Jenna finally smiled again, and this time it didn't look polite or reassuring or anything but an honest expression of her feelings. It wavered, not strong or confident either, but there. "I wish it still could," she offered tentatively.

Not quite able to believe the offer that had been made, Cassandra murmured, "I'll try if you will?"

After the briefest pause, Jenna just nodded. "I'll try," she agreed softly.

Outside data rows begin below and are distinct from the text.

(* Let $n,k\ge1$ and let $\bar x,\bar y\in\mathbb{Z}/2^{n+k-1}\mathbb{Z}$. There is an arrow (of either colour) from $\overline{H}_{M_k}(\bar x)$ to $\overline{H}_{M_k}(\bar y)$ in $\Gamma_{2^n}$ if and only if there exist $\bar a\in[\bar x]$ and $\bar b\in[\bar y]$ with an arrow $\bar a\to\bar b$ in $\Gamma_{2^{n+k-1}}$. Moreover, in that case the arrows of $\Gamma_{2^{n+k-1}}$ from elements of $[\bar x]$ to elements of $[\bar y]$ define a bijection $[\bar x]\to[\bar y]$ (each element of $[\bar x]$ has exactly one such outgoing arrow and each element of $[\bar y]$ exactly one such incoming arrow).
   Context: $T(x)=x/2$ for $x$ even, $T(x)=(3x+1)/2$ for $x$ odd, extended to $\mathbb{Z}_2$; $T_0(x)=x/2$, $T_1(x)=(3x+1)/2$. $\Gamma_d$ is the directed graph on $\mathbb{Z}/d\mathbb{Z}$ with a black arrow $r\to s$ iff there exist positive integers $x\equiv r$, $y\equiv s\pmod d$ with $x$ even and $T_0(x)=y$, and a red arrow $r\to s$ iff there exist such $x,y$ with $x$ odd and $T_1(x)=y$. The parity vector map $\Phi^{-1}:\mathbb{Z}_2\to\mathbb{Z}_2$ is $\Phi^{-1}(x)=\sum_{i\ge0}(T^i(x)\bmod 2)2^i$; it is a bijection with inverse $\Phi$. For $k\ge1$, $M_k(\sum_i a_i2^i)=\sum_i m_i2^i$ with $m_i\equiv a_i+\cdots+a_{i+k-1}\pmod2$, and $H_{M_k}=\Phi\circ M_k\circ\Phi^{-1}$, which commutes with $T$. The residue of $H_{M_k}(x)$ mod $2^n$ depends only on $x$ mod $2^{n+k-1}$; $\overline{H}_{M_k}:\mathbb{Z}/2^{n+k-1}\mathbb{Z}\to\mathbb{Z}/2^n\mathbb{Z}$ is the induced map, and $[\bar x]=\overline{H}_{M_k}^{-1}(\{\overline{H}_{M_k}(\bar x)\})$. *)

theory Defs
  imports Main
begin

text \<open>2-adic integers are represented by their binary digit sequences:
  x = sum_i (if x i then 2^i else 0).\<close>
type_synonym z2 = "nat \<Rightarrow> bool"

definition trunc2 :: "nat \<Rightarrow> z2 \<Rightarrow> nat" where
  "trunc2 n x = (\<Sum>i<n. if x i then 2^i else 0)"

definition lift2 :: "nat \<Rightarrow> nat \<Rightarrow> z2" where
  "lift2 m r = (\<lambda>i. i < m \<and> odd (r div 2^i))"

definition Tnat :: "nat \<Rightarrow> nat" where
  "Tnat x = (if even x then x div 2 else (3 * x + 1) div 2)"

text \<open>Collatz map on Z_2: digit i of T(x) is digit i of T(x mod 2^(i+2)),
  since T(x) mod 2^(i+1) depends only on x mod 2^(i+2).\<close>
definition T2 :: "z2 \<Rightarrow> z2" where
  "T2 x = (\<lambda>i. odd (Tnat (trunc2 (i + 2) x) div 2^i))"

definition PhiInv :: "z2 \<Rightarrow> z2" where
  "PhiInv x = (\<lambda>i. (T2 ^^ i) x 0)"

definition Phi :: "z2 \<Rightarrow> z2" where
  "Phi = inv PhiInv"

definition Mk :: "nat \<Rightarrow> z2 \<Rightarrow> z2" where
  "Mk k a = (\<lambda>i. odd (card {j. i \<le> j \<and> j < i + k \<and> a j}))"

definition HM :: "nat \<Rightarrow> z2 \<Rightarrow> z2" where
  "HM k = Phi \<circ> Mk k \<circ> PhiInv"

text \<open>induced map Z/2^(n+k-1) -> Z/2^n (residues represented in {0..<2^m})\<close>
definition HMbar :: "nat \<Rightarrow> nat \<Rightarrow> nat \<Rightarrow> nat" where
  "HMbar k n r = trunc2 n (HM k (lift2 (n + k - 1) r))"

definition HMclass :: "nat \<Rightarrow> nat \<Rightarrow> nat \<Rightarrow> nat set" where
  "HMclass k n r = {a \<in> {0..<2^(n + k - 1)}. HMbar k n a = HMbar k n r}"

definition black_arrow :: "nat \<Rightarrow> nat \<Rightarrow> nat \<Rightarrow> bool" where
  "black_arrow d r s = (\<exists>x y :: nat. 0 < x \<and> 0 < y \<and> x mod d = r \<and> y mod d = s
      \<and> even x \<and> y = x div 2)"

definition red_arrow :: "nat \<Rightarrow> nat \<Rightarrow> nat \<Rightarrow> bool" where
  "red_arrow d r s = (\<exists>x y :: nat. 0 < x \<and> 0 < y \<and> x mod d = r \<and> y mod d = s
      \<and> odd x \<and> y = (3 * x + 1) div 2)"

definition arrow :: "nat \<Rightarrow> nat \<Rightarrow> nat \<Rightarrow> bool" where
  "arrow d r s = (black_arrow d r s \<or> red_arrow d r s)"

end

theory Submission
  imports Defs "HOL-Number_Theory.Cong"
begin

(* Everything is reduced to digit bookkeeping in Z_2, with agreement to N digits
   ("agree N") playing the role of congruence mod 2^N.  Three facts drive the proof:
   (1) T2 expands by one digit: z = w mod 2^(N+1) iff z = w mod 2 and T(z) = T(w) mod 2^N
       (agree_T2), so arrows of Gamma_{2^m} are the pairs (z, T z) mod 2^m (arrow_char);
   (2) the parity vector map and its inverse preserve agreement, so H_{M_k} = Phi o M_k o PhiInv
       commutes with T and reduces mod 2^n to a map on residues mod 2^(n+k-1);
   (3) M_k is a sliding-window parity, so digit n of H_{M_k}(z) toggles with digit n+k-1
       of z (HM_last_digit) and digit 0 toggles with digit 0 (HM_first_digit).
   Given an arrow [x] -> [y] witnessed by a 2-adic w, each a in [x] has two successors,
   chosen by digit n+k-1 of a lift, and by (3) exactly one lands in [y]; dually each
   b in [y] has two predecessors, chosen by parity, and exactly one lies in [x]. *)

definition agree :: "nat \<Rightarrow> z2 \<Rightarrow> z2 \<Rightarrow> bool" where
  "agree N z w \<longleftrightarrow> (\<forall>i<N. z i = w i)"

lemma trunc2_horner: "trunc2 N z = horner_sum of_bool 2 (map z [0..<N])"
  unfolding trunc2_def horner_sum_eq_sum
  by (intro sum.reindex_bij_witness[of _ id id]) (auto simp: atLeast0LessThan)

lemma bit_trunc2: "bit (trunc2 N z) i \<longleftrightarrow> i < N \<and> z i"
  by (auto simp: trunc2_horner bit_horner_sum_bit_iff)

lemma trunc2_bit: "trunc2 N (bit c) = c mod 2^N"
  by (simp add: trunc2_horner horner_sum_bit_eq_take_bit take_bit_eq_mod)

lemma trunc2_less: "trunc2 N z < 2^N"
  using horner_sum_of_bool_2_less[of "map z [0..<N]"] by (simp add: trunc2_horner)

lemma agree_iff_trunc2: "agree N z w \<longleftrightarrow> trunc2 N z = trunc2 N w"
proof
  assume "agree N z w"
  then show "trunc2 N z = trunc2 N w"
    unfolding agree_def trunc2_def by (intro sum.cong) auto
next
  assume "trunc2 N z = trunc2 N w"
  then show "agree N z w"
    unfolding agree_def by (metis bit_trunc2)
qed

lemma agree_iff_cong: "agree N z w \<longleftrightarrow> [trunc2 N z = trunc2 N w] (mod 2^N)"
  by (simp add: agree_iff_trunc2 cong_def trunc2_less)

lemma trunc2_mod: "j \<le> N \<Longrightarrow> trunc2 N z mod 2^j = trunc2 j z"
  by (metis agree_def agree_iff_trunc2 bit_trunc2 order_less_le_trans trunc2_bit)

lemma agree_Suc: "agree (Suc N) z w \<longleftrightarrow> agree N z w \<and> z N = w N"
  by (auto simp: agree_def less_Suc_eq)

lemma agree_shift: "agree (Suc N) z w \<longleftrightarrow> z 0 = w 0 \<and> agree N (\<lambda>i. z (Suc i)) (\<lambda>i. w (Suc i))"
  by (auto simp: agree_def less_Suc_eq_0_disj)

lemma agree_mono: "agree N z w \<Longrightarrow> j \<le> N \<Longrightarrow> agree j z w"
  by (simp add: agree_def)

lemma agree_all: "(\<And>N. agree N z w) \<Longrightarrow> z = w"
  by (rule ext) (meson agree_def lessI)

lemma bit_cong: "[x = y] (mod 2^Suc i) \<Longrightarrow> bit x i = bit y i" for x y :: nat
  by (metis bit_take_bit_iff cong_def lessI take_bit_eq_mod)

lemma double_Tnat: "2 * Tnat u = (if even u then u else 3 * u + 1)"
  by (simp add: Tnat_def)

(* Key arithmetic fact: for u, v of the same parity, T(u) = T(v) mod 2^N iff
   u = v mod 2^(N+1); the odd case uses that 3 is invertible modulo powers of 2. *)
lemma Tnat_cong_iff:
  fixes u v N :: nat
  assumes "[u = v] (mod 2)"
  shows "[Tnat u = Tnat v] (mod 2^N) \<longleftrightarrow> [u = v] (mod 2^Suc N)"
proof -
  have par: "even u \<longleftrightarrow> even v"
    using assms by (simp add: cong_def even_iff_mod_2_eq_zero)
  have "[Tnat u = Tnat v] (mod 2^N) \<longleftrightarrow> [2 * Tnat u = 2 * Tnat v] (mod 2^Suc N)"
    by (simp add: cong_def mod_mult_mult1)
  also have "\<dots> \<longleftrightarrow> [u = v] (mod 2^Suc N)"
  proof (cases "even u")
    case True
    then show ?thesis using par by (simp add: double_Tnat)
  next
    case False
    have "coprime (3::nat) (2^Suc N)" by simp
    then have "[3 * u + 1 = 3 * v + 1] (mod 2^Suc N) \<longleftrightarrow> [u = v] (mod 2^Suc N)"
      by (simp only: cong_add_rcancel_nat cong_mult_lcancel_nat)
    then show ?thesis using False par by (simp add: double_Tnat)
  qed
  finally show ?thesis .
qed

lemma Tnat_cong: "[u = v] (mod 2^Suc N) \<Longrightarrow> [Tnat u = Tnat v] (mod 2^N)"
  using Tnat_cong_iff cong_dvd_modulus_nat[of u v "2^Suc N" 2] by simp

lemma trunc2_T2: "trunc2 N (T2 z) = Tnat (trunc2 (Suc N) z) mod 2^N"
proof -
  have "T2 z i = bit (Tnat (trunc2 (Suc N) z)) i" if "i < N" for i
  proof -
    have "trunc2 (Suc N) z mod 2^Suc (Suc i) = trunc2 (i + 2) z"
      using that trunc2_mod[of "Suc (Suc i)" "Suc N" z] by simp
    then have "[trunc2 (i + 2) z = trunc2 (Suc N) z] (mod 2^Suc (Suc i))"
      using trunc2_less[of "i + 2" z] by (simp add: cong_def)
    then have "[Tnat (trunc2 (i + 2) z) = Tnat (trunc2 (Suc N) z)] (mod 2^Suc i)"
      by (rule Tnat_cong)
    then show ?thesis
      unfolding T2_def by (simp add: bit_cong flip: bit_iff_odd)
  qed
  then have "agree N (T2 z) (bit (Tnat (trunc2 (Suc N) z)))"
    by (simp add: agree_def)
  then show ?thesis by (simp add: agree_iff_trunc2 trunc2_bit)
qed

lemma agree_T2: "agree (Suc N) z w \<longleftrightarrow> z 0 = w 0 \<and> agree N (T2 z) (T2 w)"
proof -
  define u v where "u = trunc2 (Suc N) z" and "v = trunc2 (Suc N) w"
  have lifts: "agree (Suc N) z w \<longleftrightarrow> [u = v] (mod 2^Suc N)"
    by (simp add: agree_iff_cong u_def v_def)
  have digit0: "z 0 = w 0 \<longleftrightarrow> [u = v] (mod 2)"
    using agree_iff_trunc2[of 1 z w] trunc2_mod[of 1 "Suc N"]
    by (simp add: agree_def cong_def u_def v_def)
  have images: "agree N (T2 z) (T2 w) \<longleftrightarrow> [Tnat u = Tnat v] (mod 2^N)"
    by (simp add: agree_iff_trunc2 trunc2_T2 cong_def u_def v_def)
  show ?thesis
  proof
    assume "agree (Suc N) z w"
    then have lift_cong: "[u = v] (mod 2^Suc N)"
      using lifts by blast
    then have "[u = v] (mod 2)"
      using cong_dvd_modulus_nat[of u v "2^Suc N" 2] by simp
    then show "z 0 = w 0 \<and> agree N (T2 z) (T2 w)"
      using lift_cong digit0 images Tnat_cong_iff[of u v N] by simp
  next
    assume "z 0 = w 0 \<and> agree N (T2 z) (T2 w)"
    then show "agree (Suc N) z w"
      using lifts digit0 images Tnat_cong_iff[of u v N] by simp
  qed
qed

lemma black_arrow_Tnat:
  "black_arrow d r s \<longleftrightarrow> (\<exists>x. even x \<and> 0 < x \<and> 0 < Tnat x \<and> x mod d = r \<and> Tnat x mod d = s)"
  unfolding black_arrow_def by (metis Tnat_def)

lemma red_arrow_Tnat:
  "red_arrow d r s \<longleftrightarrow> (\<exists>x. odd x \<and> 0 < x \<and> 0 < Tnat x \<and> x mod d = r \<and> Tnat x mod d = s)"
  unfolding red_arrow_def by (metis Tnat_def)

lemma arrow_Tnat:
  "arrow d r s \<longleftrightarrow> (\<exists>x. 0 < x \<and> 0 < Tnat x \<and> x mod d = r \<and> Tnat x mod d = s)"
  unfolding arrow_def black_arrow_Tnat red_arrow_Tnat by blast

(* Arrows of Gamma_{2^m} are exactly the pairs (z mod 2^m, T(z) mod 2^m) for 2-adic z.
   Positivity is no restriction: a residue mod 2^(m+1) has a representative >= 2. *)
lemma arrow_char: "arrow (2^m) a b \<longleftrightarrow> (\<exists>z. trunc2 m z = a \<and> trunc2 m (T2 z) = b)"
proof
  assume "arrow (2^m) a b"
  then obtain x where x: "x mod 2^m = a" "Tnat x mod 2^m = b"
    unfolding arrow_Tnat by blast
  have "trunc2 m (T2 (bit x)) = Tnat x mod 2^m"
    using Tnat_cong[of "x mod 2^Suc m" x m] by (simp add: trunc2_T2 trunc2_bit cong_def)
  then show "\<exists>z. trunc2 m z = a \<and> trunc2 m (T2 z) = b"
    using x by (intro exI[of _ "bit x"]) (simp add: trunc2_bit)
next
  assume "\<exists>z. trunc2 m z = a \<and> trunc2 m (T2 z) = b"
  then obtain z where z: "trunc2 m z = a" "trunc2 m (T2 z) = b" by blast
  define x where "x = trunc2 (Suc m) z + 2^Suc m"
  have "[x = trunc2 (Suc m) z] (mod 2^Suc m)"
    by (simp add: x_def cong_def)
  then have "[Tnat x = Tnat (trunc2 (Suc m) z)] (mod 2^m)"
    by (rule Tnat_cong)
  then have "Tnat x mod 2^m = b"
    using z(2) by (simp add: trunc2_T2 cong_def)
  moreover have "x mod 2^m = a"
    using z(1) trunc2_mod[of m "Suc m" z] by (simp add: x_def)
  moreover have "2 \<le> x"
    using one_le_power[of "2::nat" m] unfolding x_def power_Suc by linarith
  then have "0 < Tnat x"
    by (simp add: Tnat_def)
  ultimately show "arrow (2^m) a b"
    unfolding arrow_Tnat using \<open>2 \<le> x\<close> by (intro exI[of _ x]) simp
qed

They sat there in awkward silence for a moment longer. Finally, Jenna pushed herself up off the chair and tried for another smile. This one wasn't quite as sincere. "I'll send Saryn out," she said.

Cassandra wished she could say, No, don't. She wished she could just leave, the wound between them salved if not healed, and save any further pain for another day. But she was here, she had seen Saryn, and she could still feel him in the darkness. She wasn't strong enough to say no.

Jenna turned away and crossed the apartment without another word.

***

He hadn't even pretended to sleep. The light was on when Jenna returned, illuminating the screen in front of him while he tried to catch up on casualty reports from across the Free Systems. Every Ranger sent out on patrol today had returned, and in that sense the day had been a success. Tomorrow would find two new Rangers in the sky above Eltare, however, and there was plenty of reason for concern.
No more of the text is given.